Patent Reform Is Here! O Joy!
Of course, the best patent reform would be abolition. But incremental reform would be welcome too–as long as it’s significant, and unambiguously positive. I’ve outlined some ways there could be significant improvement in How to Improve Patent, Copyright, and Trademark Law. These include reducing the scope of patents, reducing the term of patent and copyright, providing for active (instead of automatic) registration of copyright, clarifying and beefing up the fair use defense for copyright, getting rid of injunctions in patent law, and so on. These would be real changes. Of course, that’s why they would be opposed, and why all the changes that are proposed are so trivial.
Legislation is modified regularly, so it’s not surprise when patent law is adjusted. Or when IP advocates of various stripes pretend like a given reform is “revolutionary” or “substantial.” It never is. As I noted in “Radical Patent Reform Is Not on the Way,” in response to a recent legislative proposal to “reform” patent law, one patent attorney hyperbolically claims:
The U.S. has the best patent system in the world. What I’m afraid of is that they are about to throw the baby out with the bathwater.… The new rules are radical. The new legislation is radical. They will cause fewer patents to be issued.
But this is ridiculous. As I noted in that article,
[T]he truth is that none of the developments [proposed] are really that dramatic. Patent law is always evolving due to court decisions, new rules issued by the PTO, and new legislation from Congress.

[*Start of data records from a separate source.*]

lemma sat_bounded_fraction_ge:
  assumes "8 \<le> k"
  shows "1 - 1928 / real k \<le>
    real (card {\<sigma>. \<sigma> permutes {..<k} \<and> sat_bounded k (perm_matrix k \<sigma>)}) / real (fact k)"
proof -
  let ?S = "card {\<sigma>. \<sigma> permutes {..<k} \<and> sat_bounded k (perm_matrix k \<sigma>)}"
  let ?I = "card {\<sigma>. \<sigma> permutes {..<k} \<and> \<not> regular_perm k \<sigma>}"
  have "real (fact k) \<le> real (?S + 2 * ?I)"
    using fact_le_card_sat_bounded_plus_irregular by (rule of_nat_mono)
  then have "1 \<le> real ?S / real (fact k) + 2 * (real ?I / real (fact k))"
    by (simp add: field_simps)
  moreover have "real ?I / real (fact k) \<le> 964 / real k"
    using irregular_fraction_le[OF assms] by simp
  ultimately show ?thesis by linarith
qed

theorem theorem1:
  shows "(\<lambda>k. real (card {\<sigma>. \<sigma> permutes {..<k} \<and> sat_bounded k (perm_matrix k \<sigma>)})
                / real (fact k)) \<longlonglongrightarrow> 1"
proof (rule tendsto_sandwich[of "\<lambda>k. 1 - 1928 / real k" _ _ "\<lambda>k. 1"])
  show "\<forall>\<^sub>F k in sequentially. 1 - 1928 / real k \<le>
      real (card {\<sigma>. \<sigma> permutes {..<k} \<and> sat_bounded k (perm_matrix k \<sigma>)}) / real (fact k)"
    unfolding eventually_sequentially using sat_bounded_fraction_ge by blast
  have "real (card {\<sigma>. \<sigma> permutes {..<k} \<and> sat_bounded k (perm_matrix k \<sigma>)}) \<le> real (fact k)" for k
    by (rule of_nat_mono) (rule card_permutes_subset_le_fact)
  then show "\<forall>\<^sub>F k in sequentially.
      real (card {\<sigma>. \<sigma> permutes {..<k} \<and> sat_bounded k (perm_matrix k \<sigma>)}) / real (fact k) \<le> 1"
    by simp
  show "(\<lambda>k. 1 - 1928 / real k) \<longlonglongrightarrow> 1"
    using tendsto_diff[OF tendsto_const lim_const_over_n, of 1 1928] by simp
qed simp

end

… [S]ince the inception of modern US patent law in 1790, the field has been continually in flux. … Indeed, frequent and arbitrary change in the law, and the uncertainty that this breeds, is common in state-run, legislation-dominated legal systems. The fact that state law changes is not new.

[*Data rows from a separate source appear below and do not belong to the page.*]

(* Fix a positive integer $N$ and let $\varphi:\mathbb T\to\mathbb C$ be Riemann integrable. Then for every $\epsilon>0$ and $\delta>0$ there exists $\psi\in\mathscr B(\mathbb T)$ such that $$\limsup_{\substack{q\to\infty\\ d(q)\le N}}\frac{1}{\phi(q)}\Big|\big\{p\in\mathbb Z_q^\times: q^{-1/2}|g_\varphi(p,q)-g_\psi(p,q)|>\delta\big\}\Big|<\epsilon .$$
   Context: $\mathbb T=\mathbb R/\mathbb Z$. $d(q)$ is the number of positive divisors of $q$. $\mathbb Z_q^\times=\{p\in\{1,\dots,q\}:\gcd(p,q)=1\}$, $\phi(q)=|\mathbb Z_q^\times|$. $e(x)=e^{2\pi i x}$, $e_q(x)=e^{2\pi i x/q}$, and $g_\varphi(p,q)=\sum_{h=0}^{q-1}\varphi(h/q)\,e_q(ph^2)$. With $\widehat\psi_k=\int_0^1\psi(x)e(-kx)\,dx$, $\mathscr B(\mathbb T)=\{\psi:\mathbb T\to\mathbb C:\sum_{k\in\mathbb Z}k^2|\widehat\psi_k|<\infty\}$. *)

theory Defs
  imports "HOL-Analysis.Analysis" "HOL-Number_Theory.Number_Theory"
begin

text \<open>Functions on the torus T = R/Z are represented as 1-periodic functions real => complex.\<close>

definition on_torus :: "(real \<Rightarrow> complex) \<Rightarrow> bool" where
  "on_torus f \<longleftrightarrow> (\<forall>x. f (x + 1) = f x)"

definition riemann_integrable_real01 :: "(real \<Rightarrow> real) \<Rightarrow> bool" where
  "riemann_integrable_real01 f \<longleftrightarrow>
     bounded (f ` {0..1}) \<and>
     (\<forall>e>0. \<exists>(n::nat) (x::nat \<Rightarrow> real).
        x 0 = 0 \<and> x n = 1 \<and> (\<forall>i<n. x i < x (Suc i)) \<and>
        (\<Sum>i<n. (Sup (f ` {x i..x (Suc i)}) - Inf (f ` {x i..x (Suc i)})) * (x (Suc i) - x i)) < e)"

definition riemann_integrable_torus :: "(real \<Rightarrow> complex) \<Rightarrow> bool" where
  "riemann_integrable_torus f \<longleftrightarrow>
     riemann_integrable_real01 (\<lambda>x. Re (f x)) \<and> riemann_integrable_real01 (\<lambda>x. Im (f x))"

definition e_fun :: "real \<Rightarrow> complex" where
  "e_fun x = exp (2 * pi * \<i> * complex_of_real x)"

definition fourier_coeff :: "(real \<Rightarrow> complex) \<Rightarrow> int \<Rightarrow> complex" where
  "fourier_coeff \<psi> k = integral {0..1} (\<lambda>x. \<psi> x * e_fun (- real_of_int k * x))"

definition B_torus :: "(real \<Rightarrow> complex) set" where
  "B_torus = {\<psi>. on_torus \<psi> \<and> continuous_on UNIV \<psi> \<and>
      (\<lambda>k::int. (real_of_int k)^2 * norm (fourier_coeff \<psi> k)) summable_on UNIV}"

definition num_divisors :: "nat \<Rightarrow> nat" where
  "num_divisors q = card {d. d dvd q}"

definition units_mod :: "nat \<Rightarrow> nat set" where
  "units_mod q = {p \<in> {1..q}. coprime p q}"

definition gauss_sum :: "(real \<Rightarrow> complex) \<Rightarrow> nat \<Rightarrow> nat \<Rightarrow> complex" where
  "gauss_sum \<phi> p q = (\<Sum>h<q. \<phi> (real h / real q) * e_fun (real (p * h^2) / real q))"

end

theory Submission
  imports Defs
begin

text \<open>
  Write \<open>f = \<phi> - \<psi>\<close>, so that \<open>g\<^sub>\<phi> - g\<^sub>\<psi> = g\<^sub>f\<close>. Orthogonality of the characters \<open>p \<mapsto> e(pk/q)\<close>
  turns the second moment \<open>\<Sum>\<^sub>p |g\<^sub>f(p,q)|\<^sup>2\<close> into \<open>q\<close> times the sum of
  \<open>f(h/q) cnj(f(h'/q))\<close> over the pairs with \<open>h\<^sup>2 \<equiv> h'\<^sup>2 (mod q)\<close>. Sorting these pairs by a divisor
  \<open>d\<close> of \<open>q\<close> with \<open>d | h' - h\<close> and \<open>q/d | h' + h\<close> bounds the second moment by \<open>q\<close> times a
  sum over \<open>d | q\<close> of \<open>gcd(d, q/d)\<close> times the mean square of \<open>|f|\<close> on a grid of
  \<open>2q / gcd(d, q/d) \<ge> 2\<surd>q\<close> points.

  A Riemann integrable \<open>\<phi>\<close> is approximated in this grid mean square by a trigonometric
  polynomial \<open>\<psi>\<close>: the lower Darboux step function of a fine partition, kept away from the
  partition points, extends (Tietze) to a continuous function on the unit circle, which
  Stone--Weierstrass approximates by a polynomial in \<open>e(x)\<close>. The second moment is then at most
  \<open>2 q\<^sup>2 d(q) \<eta>\<close>, and Chebyshev's inequality together with \<open>q \<le> \<phi>(q) d(q)\<close> bounds the
  proportion of bad \<open>p\<close> by \<open>2 d(q)\<^sup>2 \<eta> / \<delta>\<^sup>2\<close>.
\<close>

section \<open>The character \<open>e\<close> and trigonometric polynomials\<close>

lemma e_fun_add: "e_fun (x + y) = e_fun x * e_fun y"
  unfolding e_fun_def by (simp add: distrib_left exp_add)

But though various details of the patent system continue to morph pursuant to political pressures and legal trends, the essential aspects of the patent system have not changed at all: The scope of what is patentable has not shrunk appreciably. The term is still about seventeen years. Patents are still enforceable by injunction. The groundless presumption of validity is alive and well.
Patent defendants who win usually pay their own legal fees, as before. Defending patent lawsuits continues to be incredibly expensive. Lobbying goes on as before. Companies continue to need to obtain patents if only for defensive purposes.

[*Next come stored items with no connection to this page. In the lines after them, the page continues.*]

lemma hb_gf_ode:
  fixes M :: nat
  defines "G \<equiv> hb_gf (Suc M)" and "H \<equiv> hb_gf M" and "n \<equiv> of_nat (Suc M) :: real fps"
  shows "n * G + fps_X * fps_deriv G = n * H + fps_deriv G * (n * H - n + fps_X)"
proof -
  define P where "P = exp_tail (Suc M)"
  define Q where "Q = exp_tail M"
  define c where "c = fps_const (1 / fact (Suc M) :: real)"
  have fact_M: "fps_const (1 / fact M :: real) = n * c"
    by (simp add: n_def c_def fps_of_nat[symmetric] fps_const_mult[symmetric] field_simps del: of_nat_Suc)
  have GP: "G * P = c"
    unfolding G_def P_def c_def by (rule hb_gf_mult_exp_tail)
  have HQ: "H * Q = n * c"
    unfolding H_def Q_def fact_M[symmetric] by (rule hb_gf_mult_exp_tail)
  have Q: "Q = n * c + fps_X * P"
    unfolding Q_def P_def fact_M[symmetric] by (rule exp_tail_shift)
  have P': "fps_X * fps_deriv P = Q - n * P"
    unfolding P_def Q_def n_def by (rule exp_tail_deriv)
  have "fps_deriv G * P + G * fps_deriv P = 0"
    using arg_cong[OF GP, of fps_deriv] by (simp add: c_def algebra_simps)
  then have G': "fps_X * fps_deriv G * P = - (G * (Q - n * P))"
    by (metis P' add_eq_0_iff2 minus_mult_right mult.assoc mult.left_commute)
  (* After multiplication by P * P * Q both sides reduce to c * Q * (2 * n * P - Q). *)
  have "(n * G + fps_X * fps_deriv G) * (P * P * Q) = n * (G * P) * P * Q + (fps_X * fps_deriv G * P) * P * Q"
    by (simp add: algebra_simps)
  also have "\<dots> = n * (G * P) * P * Q - (G * P) * (Q - n * P) * Q"
    unfolding G' by (simp add: algebra_simps)
  also have "\<dots> = c * Q * (2 * n * P - Q)"
    unfolding GP by (simp add: algebra_simps)
  finally have lhs: "(n * G + fps_X * fps_deriv G) * (P * P * Q) = c * Q * (2 * n * P - Q)" .
  have W: "(n * H - n + fps_X) * Q = fps_X * (Q - n * P)"
  proof -
    have "(n * H - n + fps_X) * Q = n * (H * Q) - n * Q + fps_X * Q"
      by (simp add: algebra_simps)
    also have "\<dots> = fps_X * (Q - n * P)"
      unfolding HQ by (simp add: Q algebra_simps)
    finally show ?thesis .
  qed
  have "(n * H + fps_deriv G * (n * H - n + fps_X)) * (P * P * Q) =
      n * (H * Q) * P * P + fps_deriv G * P * P * ((n * H - n + fps_X) * Q)"
    by (simp add: algebra_simps)
  also have "\<dots> = n * (n * c) * P * P + (fps_X * fps_deriv G * P) * P * (Q - n * P)"
    unfolding HQ W by (simp add: algebra_simps)
  also have "\<dots> = n * n * c * P * P - (G * P) * (Q - n * P) * (Q - n * P)"
    unfolding G' by (simp add: algebra_simps)
  also have "\<dots> = c * Q * (2 * n * P - Q)"
    unfolding GP by (simp add: algebra_simps)
  finally have rhs: "(n * H + fps_deriv G * (n * H - n + fps_X)) * (P * P * Q) = c * Q * (2 * n * P - Q)" .
  moreover have "P * P * Q \<noteq> 0"
    by (simp add: P_def Q_def exp_tail_nonzero)
  ultimately show ?thesis
    using lhs mult_right_cancel by metis
qed

lemma hb_gf_nth_0 [simp]: "hb_gf M $ 0 = 1"
  using arg_cong[OF hb_gf_mult_exp_tail[of M], of "\<lambda>f. f $ 0"] by (simp add: fps_mult_nth)

lemma hb_gf_nth_1: "hb_gf M $ 1 = - 1 / real (Suc M)"
proof -
  have "hb_gf M $ 0 * (1 / fact (Suc M)) + hb_gf M $ 1 * (1 / fact M) = (0::real)"
    using arg_cong[OF hb_gf_mult_exp_tail[of M], of "\<lambda>f. f $ 1"] by (simp add: fps_mult_nth)
  then have "hb_gf M $ 1 = - fact M / fact (Suc M)"
    by (simp add: field_simps del: fact_Suc)
  also have "\<dots> = - 1 / real (Suc M)"
    by (simp del: of_nat_Suc)
  finally show ?thesis .
qed

lemma hb_gf_nth_rec:
  fixes M n :: nat
  defines "G \<equiv> hb_gf (Suc M)" and "H \<equiv> hb_gf M" and "N \<equiv> real (Suc M)"
  shows "(N + real n) * G $ n = N * H $ n + N * (\<Sum>i\<in>{1..<n}. real i * G $ i * H $ (n + 1 - i))"
proof (cases n)
  case 0
  then show ?thesis by (simp add: G_def H_def)
next
  case (Suc p)
  define W where "W = of_nat (Suc M) * H - of_nat (Suc M) + (fps_X :: real fps)"
  have "real (Suc M) * H $ Suc 0 = -1"
    using hb_gf_nth_1[of M] by (simp add: H_def del: of_nat_Suc)
  then have W0: "W $ 0 = 0" and W1: "W $ 1 = 0"
    by (simp_all add: W_def H_def fps_of_nat[symmetric] del: of_nat_Suc)
  have W2: "W $ k = N * H $ k" if "k \<ge> 2" for k
    using that by (simp add: W_def N_def fps_of_nat[symmetric] fps_X_nth del: of_nat_Suc)
  have "(fps_deriv G * W) $ n = (\<Sum>i<Suc (Suc p). fps_deriv G $ i * W $ (Suc p - i))"
    unfolding Suc fps_mult_nth atLeast0AtMost lessThan_Suc_atMost ..
  also have "\<dots> = (\<Sum>i<p. fps_deriv G $ i * W $ (Suc p - i))"
    using W0 W1 by simp
  also have "\<dots> = N * (\<Sum>i<p. real (Suc i) * G $ Suc i * H $ (Suc p - i))"
    unfolding sum_distrib_left by (rule sum.cong) (auto simp: W2)
  also have "(\<Sum>i<p. real (Suc i) * G $ Suc i * H $ (Suc p - i)) =
      (\<Sum>i\<in>{1..<n}. real i * G $ i * H $ (n + 1 - i))"
    unfolding Suc lessThan_atLeast0 One_nat_def sum.shift_bounds_Suc_ivl by simp
  finally have "(fps_deriv G * W) $ n = N * (\<Sum>i\<in>{1..<n}. real i * G $ i * H $ (n + 1 - i))" .
  moreover have "(of_nat (Suc M) * G + fps_X * fps_deriv G) $ n = (of_nat (Suc M) * H + fps_deriv G * W) $ n"
    using hb_gf_ode[of M] unfolding G_def H_def W_def by simp
  ultimately show ?thesis
    using Suc by (simp add: N_def fps_of_nat[symmetric] fps_X_mult_nth algebra_simps del: of_nat_Suc)
qed

lemma fact_mult_eq_fact_choose:
  assumes "1 \<le> i" "i \<le> n"
  shows "fact n * real i = fact (n - i + 1) * real (n choose (n - i + 1)) * fact i"
proof -
  obtain j where j: "i = Suc j"
    using assms(1) by (cases i) auto
  have "n - i + 1 \<le> n" "n - (n - i + 1) = j"
    using assms j by auto
  then have "fact (n - i + 1) * fact j * (n choose (n - i + 1)) = fact n"
    using binomial_fact_lemma by metis
  then have "fact n = fact (n - i + 1) * fact j * real (n choose (n - i + 1))"
    by (metis of_nat_fact of_nat_mult)
  then show ?thesis
    by (simp add: j algebra_simps)
qed

lemma hyp_bernoulli_rec:
  "hyp_bernoulli (Suc M) n = real (Suc M) / real (Suc M + n) *
     (hyp_bernoulli M n + (\<Sum>i\<in>{1..<n}. hyp_bernoulli M (n - i + 1) *
        real (n choose (n - i + 1)) * hyp_bernoulli (Suc M) i))"
proof -
  define G where "G = hb_gf (Suc M)"
  define H where "H = hb_gf M"
  define S where "S = (\<Sum>i\<in>{1..<n}. real i * G $ i * H $ (n + 1 - i))"
  have sum: "fact n * S =
      (\<Sum>i\<in>{1..<n}. hyp_bernoulli M (n - i + 1) * real (n choose (n - i + 1)) * hyp_bernoulli (Suc M) i)"
    unfolding S_def sum_distrib_left
  proof (rule sum.cong)
    fix i assume "i \<in> {1..<n}"
    then have i: "1 \<le> i" "i \<le> n" and "n + 1 - i = n - i + 1" by auto
    then have "fact n * (real i * G $ i * H $ (n + 1 - i)) =
        (fact n * real i) * G $ i * H $ (n - i + 1)"
      by (simp only: mult.assoc)
    also have "\<dots> = fact (n - i + 1) * H $ (n - i + 1) * real (n choose (n - i + 1)) * (fact i * G $ i)"
      unfolding fact_mult_eq_fact_choose[OF i] by (simp only: mult_ac)
    finally show "fact n * (real i * G $ i * H $ (n + 1 - i)) =
        hyp_bernoulli M (n - i + 1) * real (n choose (n - i + 1)) * hyp_bernoulli (Suc M) i"
      by (simp add: hyp_bernoulli_def G_def H_def)
  qed simp
  have rec: "(real (Suc M) + real n) * G $ n = real (Suc M) * H $ n + real (Suc M) * S"
    unfolding G_def H_def S_def by (rule hb_gf_nth_rec)
  have "hyp_bernoulli (Suc M) n = fact n * ((real (Suc M) + real n) * G $ n) / (real (Suc M) + real n)"
    by (simp add: hyp_bernoulli_def G_def del: of_nat_Suc)
  also have "\<dots> = real (Suc M) / real (Suc M + n) * (fact n * H $ n + fact n * S)"
    unfolding rec by (simp add: field_simps del: of_nat_Suc)
  finally show ?thesis
    unfolding sum by (simp add: hyp_bernoulli_def H_def)
qed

Obviousness and novelty remain the standards for patentability — and these standards are still vague, nonobjective, and subject to unpredictable interpretation by an inept and bureaucratic government agency, by state courts, and by technically inept juries. …
And so, for the foreseeable future, companies will continue to spend lots of money obtaining patents. And small businesses will still face the threat of patent-infringement lawsuits and court-ordered injunctions that could put them out of business. And these suits will continue to cost literally millions of dollars to defend. “Bad” patents will keep being granted, and various patentability standards will always be murky, arbitrary, and uncertain.
… [O]ther than more money being spent on patent attorneys and a relatively small, probably temporary, shift in the balance of power between patentees and alleged infringers, the patent system has not radically changed. All of the problems noted above stem from the basic nature of the patent system. They will not recede by merely tinkering with details and leaving the essential features of the system intact.
Do not trust anything pushed by any Congresscritter, especially the loathsome Orrin Hatch (R–IP).1 If anyone wants to improve patent law, just reduce the term and the scope and the penalties for infringement.2
The changes to be made to the US patent law by the America Invents Act are summarized in an AIPLA Report (more details on the changes can also be found in this Akin Gump news alert)–I reprint some of these bullet points below with my comments in parenthesis and italics:
- Adoption of a first-inventor-to-file patent system (everyone says this is a huge change but for most cases and most inventors, this is irrelevant; it mainly affects squabbles between competing patentees–who cares which one of them wins the patent, the first to file or the first to conceive of the idea? Victims of the winning patentee don’t care which one sues them.);
- Funding for the U.S. Patent and Trademark Office that will bring budget predictability to this critical agency (meh);
- The creation of an ever more effective post-grant review procedure (I’m skeptical, but a possible minor improvement);
- Third party submissions of prior art for pending applications (minor possible improvement);
- USPTO fee setting authority (meh);
- Supplemental examination authority (meh);
- Repeal of the residency requirement for Federal Circuit judges (meh);
- Micro entity status for reduced fees (bad; makes it cheaper for independent inventors to obtain patents);
- Unpatentability of tax strategies as within the prior art (arbitrary, but possibly a slight improvement);
- Elimination of the best mode defense (bad–removes one possible defense that can be used against patentees who game the system or flout the best-mode disclosure requirements);
- Creation of a special post-grant review for business method patents (meh–just business method patents?);
- USPTO authority to establish satellite offices (meh);
- Creation of a USPTO ombudsman (meh); and
- USPTO authority to prioritize examination of inventions of national importance (bad; will result in some patents issuing faster).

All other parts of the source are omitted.